What the task asks:
Would you return, word for word, the lines of the data below from the line with "using full_profile_completion is_ranking_length" through the line with "unfolding prefix_uniform_def", and no others?
———
lemma antitone_nth_append_step:
  fixes v :: "nat \<Rightarrow> real"
  assumes "\<forall>x\<in>set ys. v x = c" "\<forall>x\<in>set zs. v x = 0" "0 \<le> c" "a < b" "b < length (ys @ zs)"
  shows "v ((ys @ zs) ! b) \<le> v ((ys @ zs) ! a)"
proof (cases "b < length ys")
  case True
  then show ?thesis using assms by (simp add: nth_append)
next
  case False
  then show ?thesis
    using assms nth_mem[of a "ys @ zs"] by (auto simp: nth_append split: if_splits)
qed

lemma mono_nth_append_filter_upt:
  fixes v :: "nat \<Rightarrow> real"
  assumes "\<forall>x\<in>set xs. v x = 0" "\<forall>x. 0 \<le> v x"
    and "\<And>x y. P x \<Longrightarrow> P y \<Longrightarrow> x \<le> y \<Longrightarrow> v x \<le> v y"
    and "a < b" "b < length (xs @ filter P [0..<m])"
  shows "v ((xs @ filter P [0..<m]) ! a) \<le> v ((xs @ filter P [0..<m]) ! b)"
proof (cases "a < length xs")
  case True
  then show ?thesis using assms by (simp add: nth_append)
next
  case False
  let ?F = "filter P [0..<m]" and ?a = "a - length xs" and ?b = "b - length xs"
  have ab: "?a < ?b" "?b < length ?F"
    using False assms by auto
  have "?F ! ?a < ?F ! ?b"
    by (rule sorted_wrt_nth_less[OF _ ab]) (simp add: sorted_wrt_filter)
  moreover have "?F ! ?a \<in> set ?F" "?F ! ?b \<in> set ?F"
    using ab by (simp_all del: set_filter)
  then have "P (?F ! ?a)" "P (?F ! ?b)"
    by simp_all
  ultimately have "v (?F ! ?a) \<le> v (?F ! ?b)"
    using assms(3) by simp
  then show ?thesis using False assms(4) by (simp add: nth_append)
qed

definition completion :: "nat \<Rightarrow> nat list list \<Rightarrow> (nat \<Rightarrow> nat list) \<Rightarrow> nat list list" where
  "completion m \<tau> ys = map (\<lambda>i. completed_ranking m (\<tau> ! i) (ys i)) [0..<length \<tau>]"

definition prefix_uniform :: "nat list list \<Rightarrow> (nat \<Rightarrow> nat list) \<Rightarrow> nat \<Rightarrow> nat \<Rightarrow> real" where
  "prefix_uniform \<tau> ys i X =
     (if X \<in> set (\<tau> ! i) \<union> set (ys i) then 1 / real (length (\<tau> ! i) + length (ys i)) else 0)"

locale top_profile_padding =
  fixes m t :: nat and \<tau> :: "nat list list" and ys :: "nat \<Rightarrow> nat list"
  assumes top_profile: "top_profile m t \<tau>"
    and distinct_padding: "\<And>i. i < length \<tau> \<Longrightarrow> distinct (ys i)"
    and padding_bounded: "\<And>i. i < length \<tau> \<Longrightarrow> set (ys i) \<subseteq> {..<m}"
    and padding_disjoint: "\<And>i. i < length \<tau> \<Longrightarrow> set (\<tau> ! i) \<inter> set (ys i) = {}"
begin

lemma top_profile_nth:
  assumes "i < length \<tau>"
  shows "length (\<tau> ! i) = t" "distinct (\<tau> ! i)" "set (\<tau> ! i) \<subseteq> {..<m}"
  using top_profile assms unfolding top_profile_def by auto

lemma full_profile_completion: "full_profile m (completion m \<tau> ys)"
proof -
  have "is_ranking m (completed_ranking m (\<tau> ! i) (ys i))" if "i < length \<tau>" for i
    using top_profile_nth[OF that] distinct_padding[OF that] padding_bounded[OF that]
      padding_disjoint[OF that]
    by (intro is_ranking_completed_ranking) auto
  then show ?thesis
    unfolding full_profile_def completion_def by auto
qed

lemma extends_completion: "extends t (completion m \<tau> ys) \<tau>"
  unfolding extends_def completion_def
  by simp (metis take_completed_ranking top_profile_nth(1))

lemma length_completion_nth:
  assumes "i < length \<tau>"
  shows "length (completion m \<tau> ys ! i) = m"
proof -
  have "completion m \<tau> ys ! i \<in> set (completion m \<tau> ys)"
    using assms by (simp add: completion_def)
  then show ?thesis
    using full_profile_completion is_ranking_length unfolding full_profile_def by blast
qed

lemma sum_prefix_uniform:
  assumes "1 \<le> t" "i < length \<tau>"
  shows "(\<Sum>X<m. prefix_uniform \<tau> ys i X) = 1"
proof -
  let ?S = "set (\<tau> ! i) \<union> set (ys i)" and ?N = "length (\<tau> ! i) + length (ys i)"
  have card_S: "card ?S = ?N"
    using top_profile_nth[OF assms(2)] distinct_padding[OF assms(2)] padding_disjoint[OF assms(2)]
    by (simp add: card_Un_disjoint distinct_card)
  have N: "0 < ?N"
    using top_profile_nth[OF assms(2)] assms(1) by simp
  have "(\<Sum>X<m. prefix_uniform \<tau> ys i X) = (\<Sum>X\<in>?S. 1 / real ?N)"
    unfolding prefix_uniform_def
    using top_profile_nth[OF assms(2)] padding_bounded[OF assms(2)]
    by (intro sum.mono_neutral_cong_right) auto
  also have "\<dots> = 1"
    using card_S N by (simp del: of_nat_add)
  finally show ?thesis .
qed

lemma prefix_uniform_antitone:
  assumes i: "i < length \<tau>" and ab: "a < b" "b < m"
  shows "prefix_uniform \<tau> ys i (completion m \<tau> ys ! i ! b)
    \<le> prefix_uniform \<tau> ys i (completion m \<tau> ys ! i ! a)"
proof -
  let ?S = "set (\<tau> ! i) \<union> set (ys i)" and ?N = "length (\<tau> ! i) + length (ys i)"
  let ?F = "filter (\<lambda>x. x \<notin> ?S) [0..<m]"
  have ranking: "completion m \<tau> ys ! i = (\<tau> ! i @ ys i) @ ?F"
    using i by (simp add: completion_def completed_ranking_def)
  have "prefix_uniform \<tau> ys i (((\<tau> ! i @ ys i) @ ?F) ! b)
      \<le> prefix_uniform \<tau> ys i (((\<tau> ! i @ ys i) @ ?F) ! a)"
  proof (rule antitone_nth_append_step[where c = "1 / real ?N"])
    show "b < length ((\<tau> ! i @ ys i) @ ?F)"
      using ab ranking length_completion_nth[OF i] by simp
  qed (use ab in \<open>simp_all add: prefix_uniform_def\<close>)
  then show ?thesis by (simp only: ranking)
qed

lemma util_consistent_prefix_uniform:
  assumes "1 \<le> t"
  shows "util_consistent m t \<tau> (prefix_uniform \<tau> ys)"
  unfolding util_consistent_def
proof (intro exI[of _ "completion m \<tau> ys"] conjI full_profile_completion extends_completion)
  show "util_consistent_full m (completion m \<tau> ys) (prefix_uniform \<tau> ys)"
    unfolding util_consistent_full_def
    using sum_prefix_uniform[OF assms] prefix_uniform_antitone
    by (auto simp: completion_def prefix_uniform_def)
qed

end

lemma expected_SC_le_metric_distortion:
  assumes md: "metric_distortion m t f \<le> ereal D" and D: "0 \<le> D"
    and \<tau>: "top_profile m t \<tau>" "\<tau> \<noteq> []" and d: "metric_consistent m t \<tau> d"
    and pos: "\<And>Y. Y < m \<Longrightarrow> 0 < SC (length \<tau>) d Y" and X: "X < m"
  shows "(\<Sum>Y<m. f \<tau> Y * SC (length \<tau>) d Y) \<le> D * SC (length \<tau>) d X"
proof -
  let ?SC = "SC (length \<tau>) d"
  define E where "E = (\<Sum>Y<m. f \<tau> Y * ?SC Y)"
  define M where "M = Min (?SC ` {..<m})"
  have "M \<in> ?SC ` {..<m}"
    unfolding M_def using X by (intro Min_in) auto
  then have "0 < M" using pos by auto
  have "M \<le> ?SC X"
    unfolding M_def using X by (intro Min_le) auto
  have "ereal E / ereal M \<le> metric_distortion m t f"
    unfolding metric_distortion_def M_def E_def
    by (rule SUP_upper2[where i = "(\<tau>, d)"]) (use \<tau> d in auto)
  then have "ereal (E / M) \<le> metric_distortion m t f"
    using \<open>0 < M\<close> by simp
  then have "ereal (E / M) \<le> ereal D"
    using md by (rule order_trans)
  then have "E / M \<le> D"
    by simp
  with \<open>0 < M\<close> have "E \<le> D * M"
    by (simp add: divide_le_eq)
  also have "\<dots> \<le> D * ?SC X"
    using \<open>M \<le> ?SC X\<close> D by (rule mult_left_mono)
  finally show ?thesis unfolding E_def .
qed

lemma util_distortion_ge_ratio:
  assumes rule: "is_rule m t f" and \<tau>: "top_profile m t \<tau>" "\<tau> \<noteq> []"
    and u: "util_consistent m t \<tau> u"
    and X: "X < m" and S: "0 < S" "S \<le> SW (length \<tau>) u X"
    and Q: "(\<Sum>Y<m. f \<tau> Y * SW (length \<tau>) u Y) \<le> Q"
  shows "ereal (S / Q) \<le> util_distortion m t f"
proof -
  let ?SW = "SW (length \<tau>) u"
  define E where "E = (\<Sum>Y<m. f \<tau> Y * ?SW Y)"
  define M where "M = Max (?SW ` {..<m})"
  have "S \<le> M"
    unfolding M_def using S X by (intro order_trans[OF _ Max_ge]) auto
  have "\<forall>Y<m. 0 \<le> ?SW Y"
    using u unfolding util_consistent_def util_consistent_full_def extends_def SW_def
    by (auto intro!: sum_nonneg)
  moreover have "\<forall>Y. 0 \<le> f \<tau> Y"
    using rule \<tau>(1) unfolding is_rule_def by blast
  ultimately have "0 \<le> E"
    unfolding E_def by (auto intro!: sum_nonneg)
  have "ereal (S / Q) \<le> ereal M / ereal E"
  proof (cases "E = 0")
    case True
    then show ?thesis using \<open>S \<le> M\<close> S by simp
  next
    case False
    with \<open>0 \<le> E\<close> have "0 < E" by simp
    then have "S / Q \<le> M / E"
      using \<open>S \<le> M\<close> S Q by (intro frac_le) (auto simp: E_def)
    then show ?thesis using \<open>0 < E\<close> by simp
  qed
  also have "ereal M / ereal E \<le> util_distortion m t f"
    unfolding util_distortion_def M_def E_def
    by (rule SUP_upper2[where i = "(\<tau>, u)"]) (use \<tau> u in auto)
  finally show ?thesis .
qed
———
Completed task:
    using full_profile_completion is_ranking_length unfolding full_profile_def by blast
qed

lemma sum_prefix_uniform:
  assumes "1 \<le> t" "i < length \<tau>"
  shows "(\<Sum>X<m. prefix_uniform \<tau> ys i X) = 1"
proof -
  let ?S = "set (\<tau> ! i) \<union> set (ys i)" and ?N = "length (\<tau> ! i) + length (ys i)"
  have card_S: "card ?S = ?N"
    using top_profile_nth[OF assms(2)] distinct_padding[OF assms(2)] padding_disjoint[OF assms(2)]
    by (simp add: card_Un_disjoint distinct_card)
  have N: "0 < ?N"
    using top_profile_nth[OF assms(2)] assms(1) by simp
  have "(\<Sum>X<m. prefix_uniform \<tau> ys i X) = (\<Sum>X\<in>?S. 1 / real ?N)"
    unfolding prefix_uniform_def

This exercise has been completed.